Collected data

lemma block_reparam_block_point:
  assumes h: "reparametrization h" and n: "n \<ge> 1" and v: "v \<in> {0..1}"
  shows "block_reparam h (block_point n v) = block_point n (h v)"
  unfolding block_reparam_def
proof (rule inf_concat_block_point_closed[OF n v])
  show "pathfinish (\<lambda>v. block_point n (h v)) = pathstart (\<lambda>v. block_point (Suc n) (h v))"
    using h n by (simp add: reparametrization_def pathstart_def pathfinish_def block_point_1)
qed

lemma block_reparam_0: "reparametrization h \<Longrightarrow> block_reparam h 0 = 0"
  using block_reparam_block_point[of h 1 0]
  by (simp add: reparametrization_def block_start_def)

lemma block_reparam_1: "block_reparam h 1 = 1"
  by (simp add: block_reparam_def)

lemma block_reparam_in_unit_interval:
  assumes h: "reparametrization h" and t: "t \<in> {0..1}"
  shows "block_reparam h t \<in> {0..1}"
proof (cases "t = 1")
  case False
  with t have "t \<in> {0..<1}" by auto
  then obtain n v where n: "n \<ge> 1" "v \<in> {0..<1}" "t = block_point n v"
    by (rule block_point_cover)
  have "h v \<in> {0..1}" using h n(2) by (auto simp: reparametrization_def)
  then have "block_reparam h t \<in> {block_start n..block_start (Suc n)}"
    using block_reparam_block_point[OF h n(1)] block_point_in_block_iff[OF n(1)] n(2,3) by simp
  then show ?thesis
    using block_start_nonneg[of n] block_start_less_1[of "Suc n"] by auto
qed (simp add: block_reparam_1)

lemma path_block_reparam:
  assumes h: "reparametrization h"
  shows "path (block_reparam h)"
  unfolding block_reparam_def
proof (rule path_inf_concat)
  have block: "path_image (\<lambda>v. block_point n (h v)) \<subseteq> {block_start n..block_start (Suc n)}"
    if "n \<ge> 1" for n
    using h block_point_in_block_iff[OF that] by (auto simp: reparametrization_def path_image_def)
  show "path (\<lambda>v. block_point n (h v))" for n
    using h unfolding path_def block_point_def reparametrization_def divide_inverse
    by (intro continuous_intros) auto
  show "pathfinish (\<lambda>v. block_point n (h v)) = pathstart (\<lambda>v. block_point (Suc n) (h v))"
    if "n \<ge> 1" for n
    using h that by (simp add: reparametrization_def pathstart_def pathfinish_def block_point_1)
  fix U :: "real set" assume "open U" "1 \<in> U"
  then obtain \<epsilon> where \<epsilon>: "\<epsilon> > 0" "ball 1 \<epsilon> \<subseteq> U" by (meson open_contains_ball)
  have "\<forall>\<^sub>F n in sequentially. dist (block_start n) 1 < \<epsilon>"
    using LIMSEQ_block_start \<epsilon>(1) by (rule tendstoD)
  moreover have "\<forall>\<^sub>F n in sequentially. n \<ge> 1" by (rule eventually_ge_at_top)
  ultimately show "\<forall>\<^sub>F n in sequentially. path_image (\<lambda>v. block_point n (h v)) \<subseteq> U"
  proof eventually_elim
    case (elim n)
    have "{block_start n..block_start (Suc n)} \<subseteq> ball 1 \<epsilon>"
      using elim(1) block_start_less_1[of "Suc n"] by (auto simp: dist_real_def)
    then show ?case using block[OF elim(2)] \<epsilon>(2) by blast
  qed
qed

lemma inf_concat_block_reparam:
  assumes h: "reparametrization h"
    and joints: "\<And>n. n \<ge> 1 \<Longrightarrow> pathfinish (\<gamma> n) = pathstart (\<gamma> (Suc n))"
    and t: "t \<in> {0..1}"
  shows "inf_concat c \<gamma> (block_reparam h t) = inf_concat c (\<lambda>n. \<gamma> n \<circ> h) t"
proof (cases "t = 1")
  case False
  with t have "t \<in> {0..<1}" by auto
  then obtain n v where n: "n \<ge> 1" "v \<in> {0..<1}" "t = block_point n v"
    by (rule block_point_cover)
  have "h v \<in> {0..1}" using h n(2) by (auto simp: reparametrization_def)
  then have "inf_concat c \<gamma> (block_reparam h t) = \<gamma> n (h v)"
    using block_reparam_block_point[OF h n(1)] inf_concat_block_point_closed[OF n(1) _ joints[OF n(1)]] n(2,3)
    by simp
  also have "\<dots> = inf_concat c (\<lambda>n. \<gamma> n \<circ> h) t"
    using inf_concat_block_point[OF n(1,2), of c "\<lambda>n. \<gamma> n \<circ> h"] n(3) by simp
  finally show ?thesis .
qed (simp add: block_reparam_1)

definition first_half :: "real \<Rightarrow> real" where
  "first_half t = min (2 * t) 1"

definition second_half :: "real \<Rightarrow> real" where
  "second_half t = max (2 * t - 1) 0"

lemma reparametrization_first_half: "reparametrization first_half"
  unfolding reparametrization_def first_half_def by (auto intro!: continuous_intros)

lemma reparametrization_second_half: "reparametrization second_half"
  unfolding reparametrization_def second_half_def by (auto intro!: continuous_intros)

lemma joinpaths_eq_pointwise_product:
  assumes "\<And>x. opr e x = x" "\<And>x. opr x e = x" "pathfinish p = e" "pathstart q = e"
  shows "(p +++ q) t = opr (p (first_half t)) (q (second_half t))"
  using assms by (auto simp: joinpaths_def first_half_def second_half_def pathstart_def pathfinish_def)

lemma inf_concat_joinpaths:
  assumes unit: "\<And>x. opr e x = x" "\<And>x. opr x e = x"
    and \<alpha>: "\<And>n. n \<ge> 1 \<Longrightarrow> loop_at e (\<alpha> n)" and \<beta>: "\<And>n. n \<ge> 1 \<Longrightarrow> loop_at e (\<beta> n)"
    and t: "t \<in> {0..1}"
  shows "inf_concat e (\<lambda>n. \<alpha> n +++ \<beta> n) t =
    opr (inf_concat e \<alpha> (block_reparam first_half t)) (inf_concat e \<beta> (block_reparam second_half t))"
proof -
  have "inf_concat e (\<lambda>n. \<alpha> n +++ \<beta> n) t =
      inf_concat e (\<lambda>n v. opr ((\<alpha> n \<circ> first_half) v) ((\<beta> n \<circ> second_half) v)) t"
  proof (rule inf_concat_cong[OF _ t])
    fix n :: nat assume "n \<ge> 1"
    with \<alpha> \<beta> have "pathfinish (\<alpha> n) = e" "pathstart (\<beta> n) = e" by (simp_all add: loop_at_def)
    then show "\<alpha> n +++ \<beta> n = (\<lambda>v. opr ((\<alpha> n \<circ> first_half) v) ((\<beta> n \<circ> second_half) v))"
      using joinpaths_eq_pointwise_product[OF unit] by (simp add: fun_eq_iff)
  qed
  also have "\<dots> = opr (inf_concat e (\<lambda>n. \<alpha> n \<circ> first_half) t) (inf_concat e (\<lambda>n. \<beta> n \<circ> second_half) t)"
    by (rule inf_concat_pointwise) (simp add: unit)
  also have "\<dots> = opr (inf_concat e \<alpha> (block_reparam first_half t)) (inf_concat e \<beta> (block_reparam second_half t))"
    using \<alpha> \<beta> t
    by (simp add: inf_concat_block_reparam reparametrization_first_half reparametrization_second_half loop_at_def)
  finally show ?thesis .
qed

lemma homotopic_paths_block_reparam_pair:
  assumes f: "reparametrization f" and g: "reparametrization g"
  shows "homotopic_paths ({0..1} \<times> {0..1})
           (\<lambda>t. (block_reparam f t, block_reparam g t)) (\<lambda>t. (f t, g t))"
proof (rule homotopic_paths_linear)
  show "path (\<lambda>t. (block_reparam f t, block_reparam g t))"
    using path_block_reparam[OF f] path_block_reparam[OF g]
    unfolding path_def by (rule continuous_on_Pair)
  show "path (\<lambda>t. (f t, g t))"
    using f g unfolding path_def reparametrization_def by (intro continuous_on_Pair) auto
  show "pathstart (\<lambda>t. (f t, g t)) = pathstart (\<lambda>t. (block_reparam f t, block_reparam g t))"
    "pathfinish (\<lambda>t. (f t, g t)) = pathfinish (\<lambda>t. (block_reparam f t, block_reparam g t))"
    using f g by (simp_all add: pathstart_def pathfinish_def reparametrization_def
        block_reparam_0 block_reparam_1)
  fix t :: real assume t: "t \<in> {0..1}"
  have "(block_reparam f t, block_reparam g t) \<in> {0..1} \<times> {0..1}" "(f t, g t) \<in> {0..1} \<times> {0..1}"
    using f g t block_reparam_in_unit_interval[OF f t] block_reparam_in_unit_interval[OF g t]
    by (auto simp: reparametrization_def)
  then show "closed_segment (block_reparam f t, block_reparam g t) (f t, g t) \<subseteq> {0..1} \<times> {0..1}"
    by (intro closed_segment_subset convex_unit_square)
qed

:: AIM OF THE EXERCISE ::
When you reach the line that contains "proof (rule inf_concat_block_point_closed[OF", stop; that line and every line before it, from the very first line of the data, should be restated word for word.

:: SOLUTION TO THIS EXERCISE ::
lemma block_reparam_block_point:
  assumes h: "reparametrization h" and n: "n \<ge> 1" and v: "v \<in> {0..1}"
  shows "block_reparam h (block_point n v) = block_point n (h v)"
  unfolding block_reparam_def
proof (rule inf_concat_block_point_closed[OF n v])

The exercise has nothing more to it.